= Limelight Health and Well-being Hub =

Limelight is a community health centre in Old Trafford run by Trafford Housing Trust designed to improve the health outcomes of local people. It contains 81 extra care apartments, two GP surgeries, a public library, a community café, an optician, a pharmacy, a hair and beauty salon, and a 40-place children's nursery. There are event spaces that can be hired for weddings or business meetings. St Bride's Church and rectory has also relocated to the site.

==Construction==
It was built by Willmott Dixon and opened in 2017 by Lemn Sissay and Diane Modahl.

==Features and residents==
The apartments are restricted to people aged 55 and over who need care and support. Some are rented and some are leased. There are support staff on the premises at all times.

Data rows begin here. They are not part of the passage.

lemma log_le_tangent:
  fixes x y :: real
  assumes "0 < x" "0 < y"
  shows "log 2 x \<le> log 2 y + (x - y) / (y * ln 2)"
proof -
  have "log 2 x - log 2 y = (ln x - ln y) / ln 2"
    by (simp add: log_def diff_divide_distrib)
  also have "\<dots> \<le> ((x - y) / y) / ln 2"
    using ln_diff_le[OF assms] by (intro divide_right_mono) auto
  finally show ?thesis by (simp add: divide_divide_eq_left)
qed

lemma quadratic_form_nonneg_imp:
  fixes a b c :: real
  assumes q: "\<forall>u v. 0 \<le> u\<^sup>2 * a + 2 * u * v * b + v\<^sup>2 * c"
  shows "0 \<le> a \<and> 0 \<le> c \<and> b\<^sup>2 \<le> a * c"
proof -
  have a: "0 \<le> a" and c: "0 \<le> c" using q[rule_format, of 1 0] q[rule_format, of 0 1] by simp_all
  have "b\<^sup>2 \<le> a * c"
  proof (cases "a = 0")
    case True
    have "b = 0"
    proof (rule ccontr)
      assume "b \<noteq> 0"
      have "0 \<le> (- (c + 1) / (2 * b))\<^sup>2 * a + 2 * (- (c + 1) / (2 * b)) * 1 * b + 1\<^sup>2 * c"
        using q[rule_format, of "- (c + 1) / (2 * b)" 1] .
      also have "\<dots> = -1" using True \<open>b \<noteq> 0\<close> by (simp add: field_simps)
      finally show False by simp
    qed
    then show ?thesis using True by simp
  next
    case False
    have "0 \<le> (- b)\<^sup>2 * a + 2 * (- b) * a * b + a\<^sup>2 * c"
      using q[rule_format, of "- b" a] .
    also have "\<dots> = a * (a * c - b\<^sup>2)" by (simp add: power2_eq_square algebra_simps)
    finally show ?thesis using False a by (simp add: zero_le_mult_iff)
  qed
  with a c show ?thesis by blast
qed

lemma quadratic_form_nonneg_iff:
  fixes a b c :: real
  shows "(\<forall>u v. 0 \<le> u\<^sup>2 * a + 2 * u * v * b + v\<^sup>2 * c) \<longleftrightarrow> 0 \<le> a \<and> 0 \<le> c \<and> b\<^sup>2 \<le> a * c"
proof (intro iffI allI)
  fix u v :: real
  assume abc: "0 \<le> a \<and> 0 \<le> c \<and> b\<^sup>2 \<le> a * c"
  show "0 \<le> u\<^sup>2 * a + 2 * u * v * b + v\<^sup>2 * c"
  proof (cases "a = 0")
    case True
    then show ?thesis using abc by simp
  next
    case False
    have "a * (u\<^sup>2 * a + 2 * u * v * b + v\<^sup>2 * c) = (a * u + b * v)\<^sup>2 + (a * c - b\<^sup>2) * v\<^sup>2"
      by (simp add: power2_eq_square algebra_simps)
    also have "\<dots> \<ge> 0" using abc by simp
    finally show ?thesis using False abc by (simp add: zero_le_mult_iff)
  qed
qed (rule quadratic_form_nonneg_imp)

section \<open>Covariance matrices\<close>

definition seg :: "(nat \<Rightarrow> cmat) \<Rightarrow> (nat \<Rightarrow> cmat) \<Rightarrow> real \<Rightarrow> nat \<Rightarrow> cmat" where
  "seg Q Q' t = (\<lambda>g x y. Q g x y + complex_of_real t * (Q' g x y - Q g x y))"

lemma Re_sum_sum_affine:
  "Re (\<Sum>x\<in>I. \<Sum>y\<in>J. (A x y + complex_of_real t * (A' x y - A x y)) * w x y)
   = Re (\<Sum>x\<in>I. \<Sum>y\<in>J. A x y * w x y)
     + t * (Re (\<Sum>x\<in>I. \<Sum>y\<in>J. A' x y * w x y) - Re (\<Sum>x\<in>I. \<Sum>y\<in>J. A x y * w x y))"
proof -
  have "(\<Sum>x\<in>I. \<Sum>y\<in>J. (A x y + complex_of_real t * (A' x y - A x y)) * w x y)
    = (\<Sum>x\<in>I. \<Sum>y\<in>J. A x y * w x y)
      + complex_of_real t * ((\<Sum>x\<in>I. \<Sum>y\<in>J. A' x y * w x y) - (\<Sum>x\<in>I. \<Sum>y\<in>J. A x y * w x y))"
    by (simp add: algebra_simps sum.distrib sum_subtractf sum_distrib_left)
  then show ?thesis by simp
qed

lemma trhh_seg:
  "trhh B M (seg Q Q' t g) h = (1 - t) * trhh B M (Q g) h + t * trhh B M (Q' g) h"
  unfolding trhh_def seg_def by (simp only: Re_sum_sum_affine) (simp add: algebra_simps)

lemma blocktr_seg:
  "blocktr M (seg Q Q' t g) b = (1 - t) * blocktr M (Q g) b + t * blocktr M (Q' g) b"
  unfolding blocktr_def seg_def by (simp add: sum.distrib sum_subtractf sum_distrib_left algebra_simps)

lemma trhh_eq_quadratic_form:
  "trhh B M A v = Re (\<Sum>x\<in>idx B M. \<Sum>y\<in>idx B M. cnj (v x) * A x y * v y)"
  unfolding trhh_def by (intro arg_cong[where f = Re] sum.cong refl) (simp add: ac_simps)

lemma trhh_nonneg: "herm_psd B M A \<Longrightarrow> 0 \<le> trhh B M A h"
  unfolding herm_psd_def trhh_eq_quadratic_form by blast

lemma feasQ_trhh_nonneg: "feasQ B M G P Bg Q \<Longrightarrow> g < G \<Longrightarrow> 0 \<le> trhh B M (Q g) h"
  unfolding feasQ_def by (blast intro: trhh_nonneg)

lemma herm_psd_seg:
  assumes "herm_psd B M (Q g)" "herm_psd B M (Q' g)" "0 \<le> t" "t \<le> 1"
  shows "herm_psd B M (seg Q Q' t g)"
  unfolding herm_psd_def
proof (intro conjI ballI allI)
  fix x y assume "x \<in> idx B M" "y \<in> idx B M"
  then have "Q g y x = cnj (Q g x y)" "Q' g y x = cnj (Q' g x y)"
    using assms(1,2) unfolding herm_psd_def by blast+
  then show "seg Q Q' t g y x = cnj (seg Q Q' t g x y)"
    unfolding seg_def by simp
next
  fix v :: cvec
  have "0 \<le> trhh B M (Q g) v" "0 \<le> trhh B M (Q' g) v"
    using assms(1,2) by (blast intro: trhh_nonneg)+
  then have "0 \<le> trhh B M (seg Q Q' t g) v"
    unfolding trhh_seg using assms(3,4) by simp
  then show "0 \<le> Re (\<Sum>x\<in>idx B M. \<Sum>y\<in>idx B M. cnj (v x) * seg Q Q' t g x y * v y)"
    unfolding trhh_eq_quadratic_form .
qed

lemma feasQ_seg:
  assumes "feasQ B M G P Bg Q" "feasQ B M G P Bg Q'" "0 \<le> t" "t \<le> 1"
  shows "feasQ B M G P Bg (seg Q Q' t)"
  unfolding feasQ_def
proof (intro conjI allI impI)
  fix g assume "g < G"
  then show "herm_psd B M (seg Q Q' t g)"
    using assms by (intro herm_psd_seg) (auto simp: feasQ_def)
next
  fix b assume b: "b < B"
  have "(\<Sum>g<G. blocktr M (seg Q Q' t g) b)
      = (1 - t) * (\<Sum>g<G. blocktr M (Q g) b) + t * (\<Sum>g<G. blocktr M (Q' g) b)"
    by (simp add: blocktr_seg sum.distrib sum_distrib_left)
  also have "\<dots> \<le> (1 - t) * P b + t * P b"
    using assms b unfolding feasQ_def by (intro add_mono mult_left_mono) auto
  finally show "(\<Sum>g<G. blocktr M (seg Q Q' t g) b) \<le> P b" by (simp add: algebra_simps)
next
  fix g b b' i j assume "g < G" "b < B" "b' < B" "b \<notin> Bg g \<or> b' \<notin> Bg g" "i < M" "j < M"
  then show "seg Q Q' t g (b, i) (b', j) = 0"
    using assms unfolding feasQ_def seg_def by simp
qed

A resident-led management committee was established before the building was opened. It is the District Nursing base for North Trafford. The area has a substantial African Caribbean population and efforts have been made to involve them in the design and running of the centre. It is intended to be an intergenerational space with activities for young families, teenagers and older people.

==Reception==
It won the prizes for the best older people's housing development and best affordable housing development (in the larger category) at the Inside Housing Development Awards 2018. It was the only development to win two prizes. The judges described it as "a creative and iconic reimagining of terraced houses that provides a variety of tenures and satisfies high environmental and design standards” and ""A truly outstanding scheme of bold, statement architecture".